**EXTRACTED MATERIAL**
(* Let $(\mathcal{Y},\eta)$ be an $(n,m)$-voltage operator and let $\tau\in\operatorname{Aut}(\mathcal{Y})$ be such that there exists a group homomorphism $\tau^\#:\mathcal{C}^n\to\mathcal{C}^n$ with $\tau^\#(\eta(W))=\eta(W\tau)$ for every $W\in\Pi(\mathcal{Y})$. Then for every $n$-premaniplex $\mathcal{X}$, the premaniplex $\mathcal{X}^{\tau^\#}\rtimes_\eta\mathcal{Y}$ is isomorphic to $\mathcal{X}\rtimes_\eta\mathcal{Y}$.
   Context: An $n$-premaniplex is an edge-coloured graph (semi-edges and parallel edges allowed) with colours $\{0,\dots,n-1\}$ such that every vertex (flag) is the start of exactly one dart of each colour, and for $|i-j|\ge2$ alternating $i,j$-paths of length 4 are closed; $x^i$ is the $i$-adjacent flag of $x$. $\mathcal{C}^n=\langle r_0,\dots,r_{n-1}\mid r_i^2,\ (r_ir_j)^2\ (|i-j|\ge2)\rangle$ acts on the left on flags by $r_ix=x^i$. Isomorphisms are bijections on flags preserving $i$-adjacency for all $i$; automorphisms act on the right and map paths to paths, $W\mapsto W\tau$. For a flag $y$ of an $m$-premaniplex $\mathcal{Y}$ and $\omega\in\mathcal{C}^m$, $W_\omega(y)$ is the homotopy class of paths from $y$ whose colour sequence $i_1,\dots,i_k$ satisfies $r_{i_k}\cdots r_{i_1}=\omega$; these form the fundamental groupoid $\Pi(\mathcal{Y})$. A voltage assignment $\eta:\Pi(\mathcal{Y})\to\mathcal{C}^n$ satisfies $\eta(W_1W_2)=\eta(W_2)\eta(W_1)$; $(\mathcal{Y},\eta)$ is an $(n,m)$-voltage operator. $\mathcal{X}\rtimes_\eta\mathcal{Y}$ has flags $\mathcal{X}\times\mathcal{Y}$ and $(x,y)^i=(\eta(W_{r_i}(y))x,r_iy)$, $i\in\{0,\dots,m-1\}$. Given a homomorphism $\tau^\#:\mathcal{C}^n\to\mathcal{C}^n$, $\mathcal{X}^{\tau^\#}$ is the $n$-premaniplex with the same flags as $\mathcal{X}$ in which the $i$-adjacent flag of $x$ is $\tau^\#(r_i)x$ (computed in $\mathcal{X}$). *)

theory Defs
  imports "HOL-Algebra.Group"
begin

text \<open>Words over colours {0..<n}; the word [a1,...,ak] represents r_a1 ... r_ak.
  cox_eq n is the congruence generated by r_i^2 = 1 and (r_i r_j)^2 = 1 for |i-j| >= 2.\<close>

inductive cox_eq :: "nat \<Rightarrow> nat list \<Rightarrow> nat list \<Rightarrow> bool" for n :: nat where
  cox_refl: "set w \<subseteq> {..<n} \<Longrightarrow> cox_eq n w w"
| cox_sym: "cox_eq n v w \<Longrightarrow> cox_eq n w v"
| cox_trans: "cox_eq n u v \<Longrightarrow> cox_eq n v w \<Longrightarrow> cox_eq n u w"
| cox_cancel: "i < n \<Longrightarrow> set u \<subseteq> {..<n} \<Longrightarrow> set v \<subseteq> {..<n} \<Longrightarrow>
      cox_eq n (u @ [i, i] @ v) (u @ v)"
| cox_comm: "i < n \<Longrightarrow> j < n \<Longrightarrow> i + 2 \<le> j \<Longrightarrow> set u \<subseteq> {..<n} \<Longrightarrow> set v \<subseteq> {..<n} \<Longrightarrow>
      cox_eq n (u @ [i, j] @ v) (u @ [j, i] @ v)"

definition cox_class :: "nat \<Rightarrow> nat list \<Rightarrow> nat list set" where
  "cox_class n w = {v. cox_eq n w v}"

definition Cox :: "nat \<Rightarrow> nat list set monoid" where
  "Cox n = \<lparr> carrier = cox_class n ` {w. set w \<subseteq> {..<n}},
             mult = (\<lambda>A B. \<Union>a\<in>A. \<Union>b\<in>B. cox_class n (a @ b)),
             one = cox_class n [] \<rparr>"

definition gen :: "nat \<Rightarrow> nat \<Rightarrow> nat list set" where
  "gen n i = cox_class n [i]"

text \<open>A premaniplex is given by its flag set F and the adjacency functions
  adj i x = x^i (semi-edges: adj i x = x; parallel edges allowed).\<close>
definition premaniplex :: "nat \<Rightarrow> 'a set \<Rightarrow> (nat \<Rightarrow> 'a \<Rightarrow> 'a) \<Rightarrow> bool" where
  "premaniplex n F adj \<longleftrightarrow>
     (\<forall>i<n. \<forall>x\<in>F. adj i x \<in> F \<and> adj i (adj i x) = x) \<and>
     (\<forall>i<n. \<forall>j<n. i + 2 \<le> j \<or> j + 2 \<le> i \<longrightarrow>
        (\<forall>x\<in>F. adj j (adj i (adj j (adj i x))) = x))"

text \<open>Left action of words: the word [a1,...,ak] (= r_a1 ... r_ak) sends x to
  r_a1 (r_a2 (... (r_ak x))).\<close>
definition word_act :: "(nat \<Rightarrow> 'a \<Rightarrow> 'a) \<Rightarrow> nat list \<Rightarrow> 'a \<Rightarrow> 'a" where
  "word_act adj w x = foldr adj w x"

definition cox_act :: "(nat \<Rightarrow> 'a \<Rightarrow> 'a) \<Rightarrow> nat list set \<Rightarrow> 'a \<Rightarrow> 'a" where
  "cox_act adj g x = word_act adj (SOME w. w \<in> g) x"

definition premaniplex_iso ::
  "nat \<Rightarrow> 'a set \<Rightarrow> (nat \<Rightarrow> 'a \<Rightarrow> 'a) \<Rightarrow> 'b set \<Rightarrow> (nat \<Rightarrow> 'b \<Rightarrow> 'b) \<Rightarrow> ('a \<Rightarrow> 'b) \<Rightarrow> bool" where
  "premaniplex_iso n F1 adj1 F2 adj2 f \<longleftrightarrow>
     bij_betw f F1 F2 \<and> (\<forall>i<n. \<forall>x\<in>F1. f (adj1 i x) = adj2 i (f x))"

definition isomorphic_premaniplexes ::
  "nat \<Rightarrow> 'a set \<Rightarrow> (nat \<Rightarrow> 'a \<Rightarrow> 'a) \<Rightarrow> 'b set \<Rightarrow> (nat \<Rightarrow> 'b \<Rightarrow> 'b) \<Rightarrow> bool" where
  "isomorphic_premaniplexes n F1 adj1 F2 adj2 \<longleftrightarrow> (\<exists>f. premaniplex_iso n F1 adj1 F2 adj2 f)"

definition automorphism :: "nat \<Rightarrow> 'a set \<Rightarrow> (nat \<Rightarrow> 'a \<Rightarrow> 'a) \<Rightarrow> ('a \<Rightarrow> 'a) \<Rightarrow> bool" where
  "automorphism n F adj tau \<longleftrightarrow> premaniplex_iso n F adj F adj tau"

text \<open>The element W_\<omega>(y) of the fundamental groupoid of Y is represented by the pair (y, \<omega>),
  with y a flag of Y and \<omega> \<in> C^m; it ends at \<omega> y, and
  W_\<omega>(y) W_\<nu>(\<omega> y) = W_{\<nu>\<omega>}(y).  A voltage assignment is encoded as
  eta y \<omega> = \<eta>(W_\<omega>(y)).  An automorphism tau maps W_\<omega>(y) to W_\<omega>(y tau).\<close>
definition voltage_assignment ::
  "nat \<Rightarrow> nat \<Rightarrow> 'y set \<Rightarrow> (nat \<Rightarrow> 'y \<Rightarrow> 'y) \<Rightarrow> ('y \<Rightarrow> nat list set \<Rightarrow> nat list set) \<Rightarrow> bool" where
  "voltage_assignment n m FY adjY eta \<longleftrightarrow>
     (\<forall>y\<in>FY. \<forall>\<omega>\<in>carrier (Cox m). eta y \<omega> \<in> carrier (Cox n)) \<and>
     (\<forall>y\<in>FY. \<forall>\<omega>\<in>carrier (Cox m). \<forall>\<nu>\<in>carrier (Cox m).
        eta y (\<nu> \<otimes>\<^bsub>Cox m\<^esub> \<omega>) = eta (cox_act adjY \<omega> y) \<nu> \<otimes>\<^bsub>Cox n\<^esub> eta y \<omega>)"

definition voltage_operator ::
  "nat \<Rightarrow> nat \<Rightarrow> 'y set \<Rightarrow> (nat \<Rightarrow> 'y \<Rightarrow> 'y) \<Rightarrow> ('y \<Rightarrow> nat list set \<Rightarrow> nat list set) \<Rightarrow> bool" where
  "voltage_operator n m FY adjY eta \<longleftrightarrow>
     premaniplex m FY adjY \<and> voltage_assignment n m FY adjY eta"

**ACTION ITEM**
Scan the data above and copy every line with "open" in it.

**ANSWER TO THIS EXERCISE**
text \<open>Words over colours {0..<n}; the word [a1,...,ak] represents r_a1 ... r_ak.
text \<open>A premaniplex is given by its flag set F and the adjacency functions
text \<open>Left action of words: the word [a1,...,ak] (= r_a1 ... r_ak) sends x to
text \<open>The element W_\<omega>(y) of the fundamental groupoid of Y is represented by the pair (y, \<omega>),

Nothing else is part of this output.